Every so often, a structural shift reshapes how capital flows through the global economy, and those are the moments I pause to ask whether my own portfolio reflects what's actually changing on the ground.

AI and semiconductors drive a new resource race reshaping global economies

The chip economy and the data behind it

The growth is not evenly distributed, which matters when you're sizing an allocation. Logic chips led the field with $301.9 billion in 2025 sales, the industry's largest product category, while memory products hit $223.1 billion — a 34.8% jump driven largely by demand for AI accelerators, high-bandwidth memory and data-centre hardware. That's a structural concentration of revenue in a handful of end uses, and it explains why the same names keep surfacing in semiconductor ETFs' top holdings: Nvidia for accelerators, TSMC for advanced manufacturing, Samsung Electronics and SK Hynix for the memory backbone that every AI system leans on.

For a long-term investor, the practical takeaway is that the chip cycle and the AI capex cycle are now the same conversation. If you hold broad-market equity funds, you already carry meaningful exposure to this theme without necessarily seeing how concentrated it has become. If you hold a dedicated semiconductor ETF, the question shifts from "is AI real?" to "what am I paying for this concentration?" — and that's where the expense ratio and the top-10 holdings disclosure earn a careful read before you commit new capital.

Geopolitics as a portfolio variable

Here's the structural dilemma I keep returning to in my own allocation: Taiwan, through TSMC, holds what industry observers call a "silicon shield" — a near-monopoly on the most advanced chip manufacturing — while South Korea, through Samsung and SK Hynix, anchors the high-bandwidth memory supply that every modern AI accelerator depends on.
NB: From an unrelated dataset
(* Let $M$ be a complex manifold, $m\ge 1$, and let $\varphi_0,\dots,\varphi_m$ be smooth homogeneous complex-valued differential forms on $M$ of degrees $|\varphi_0|,\dots,|\varphi_m|$. Then $$ d\,\omega_m(\varphi_0,\dots,\varphi_m)=(-1)^m\,\partial\varphi_0\wedge\dots\wedge\partial\varphi_m+\overline\partial\varphi_0\wedge\dots\wedge\overline\partial\varphi_m+\frac{1}{m!}\,\mathrm{Alt}_{m+1}\Big((-1)^{|\varphi_0|}\,\overline\partial\partial\varphi_0\wedge\omega_{m-1}(\varphi_1,\dots,\varphi_m)\Big). $$
   Context: Here $d=\partial+\overline\partial$. For homogeneous forms $f_1,\dots,f_n$ and an expression $F(f_1,\dots,f_n)$ set $\mathrm{Alt}_nF(f_1,\dots,f_n):=\sum_{\sigma\in\Sigma_n}\mathrm{sgn}_{\sigma;f_1,\dots,f_n}F(f_{\sigma(1)},\dots,f_{\sigma(n)})$, where the sign of interchanging two of the forms $f_i,f_j$ is $(-1)^{(|f_i|+1)(|f_j|+1)}$ and the sign of a general permutation is the product of the signs of the transpositions composing it (i.e. the Koszul sign with respect to the shifted degrees $|f_i|+1$). Define $$ \omega_m(\varphi_0,\dots,\varphi_m):=\frac{1}{(m+1)!}\mathrm{Alt}_{m+1}\Big(\sum_{k=0}^m(-1)^k\varphi_0\wedge\partial\varphi_1\wedge\dots\wedge\partial\varphi_k\wedge\overline\partial\varphi_{k+1}\wedge\dots\wedge\overline\partial\varphi_m\Big), $$ with the alternation applied to the forms $\varphi_0,\dots,\varphi_m$ (not moving the differential operators); in particular $\omega_0(\varphi_0)=\varphi_0$. *)

theory Defs
  imports "HOL-Combinatorics.Permutations" Complex_Main
begin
Two chokepoints, two regions, both now central to trade and security policy debates.

You don't need to forecast geopolitics to invest thoughtfully here, but you do need a clear view of how much single-region concentration you're comfortable carrying through your equity sleeve. In my portfolio, that has meant pairing broad-market exposure with a smaller, deliberately diversified tilt toward the semiconductor value chain — and accepting that some of this risk lives inside the holdings, not inside the wrapper.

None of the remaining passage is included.